* DESCRIPTION OF THE TASK *
Everything from the line containing "vector [vector [partial_x" to the end of the data must be duplicated word for word, and nothing else may appear.
* * * * * * * * *
(* Let $\alpha:\mathbb{R}\rightarrow\mathbb{R}$ be a $C^2$ function all of whose zeros are simple, i.e. on the set $\mathcal{X}:=\{x\in\mathbb{R} \mid \alpha(x)=0\}$ one has $\alpha'(x)\neq 0$. Define $f:\mathbb{R}^2\rightarrow\mathbb{R}$ by \[ f(x,y) := \left(\alpha(x) - \left[\alpha(x)-\alpha'(x)\right]^2 y\right)^2 - A(x), \] where $A$ is any antiderivative of $x\mapsto \alpha(x)\left[\alpha(x)-\alpha'(x)\right]$. Let $\mathcal{C}(f):=\{(x,y)\mid f_x(x,y)=f_y(x,y)=0\}$ be the set of critical points of $f$. Then: (1) $\mathcal{C}(f) = \mathcal{X}\times\{0\}$; (2) at each point of $\mathcal{C}(f)$ the Hessian of $f$ is positive definite. Consequently, $f$ has local minima at the points of $\mathcal{X}\times\{0\}$ and no other critical points. *)

theory Defs
  imports "HOL-Analysis.Analysis"
begin

definition partial_x :: "(real \<times> real \<Rightarrow> real) \<Rightarrow> real \<times> real \<Rightarrow> real" where
  "partial_x f p = deriv (\<lambda>t. f (t, snd p)) (fst p)"

definition partial_y :: "(real \<times> real \<Rightarrow> real) \<Rightarrow> real \<times> real \<Rightarrow> real" where
  "partial_y f p = deriv (\<lambda>t. f (fst p, t)) (snd p)"

definition critical_points :: "(real \<times> real \<Rightarrow> real) \<Rightarrow> (real \<times> real) set" where
  "critical_points f = {p. partial_x f p = 0 \<and> partial_y f p = 0}"

definition hessian :: "(real \<times> real \<Rightarrow> real) \<Rightarrow> real \<times> real \<Rightarrow> real^2^2" where
  "hessian f p =
     vector [vector [partial_x (partial_x f) p, partial_y (partial_x f) p],
             vector [partial_x (partial_y f) p, partial_y (partial_y f) p]]"

definition pos_def :: "real^2^2 \<Rightarrow> bool" where
  "pos_def M \<longleftrightarrow> (\<forall>v::real^2. v \<noteq> 0 \<longrightarrow> v \<bullet> (M *v v) > 0)"

end

theory Submission
  imports Defs
begin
* * * * * * * * *
* RESPONSE *
     vector [vector [partial_x (partial_x f) p, partial_y (partial_x f) p],
             vector [partial_x (partial_y f) p, partial_y (partial_y f) p]]"

definition pos_def :: "real^2^2 \<Rightarrow> bool" where
  "pos_def M \<longleftrightarrow> (\<forall>v::real^2. v \<noteq> 0 \<longrightarrow> v \<bullet> (M *v v) > 0)"

end

theory Submission
  imports Defs
begin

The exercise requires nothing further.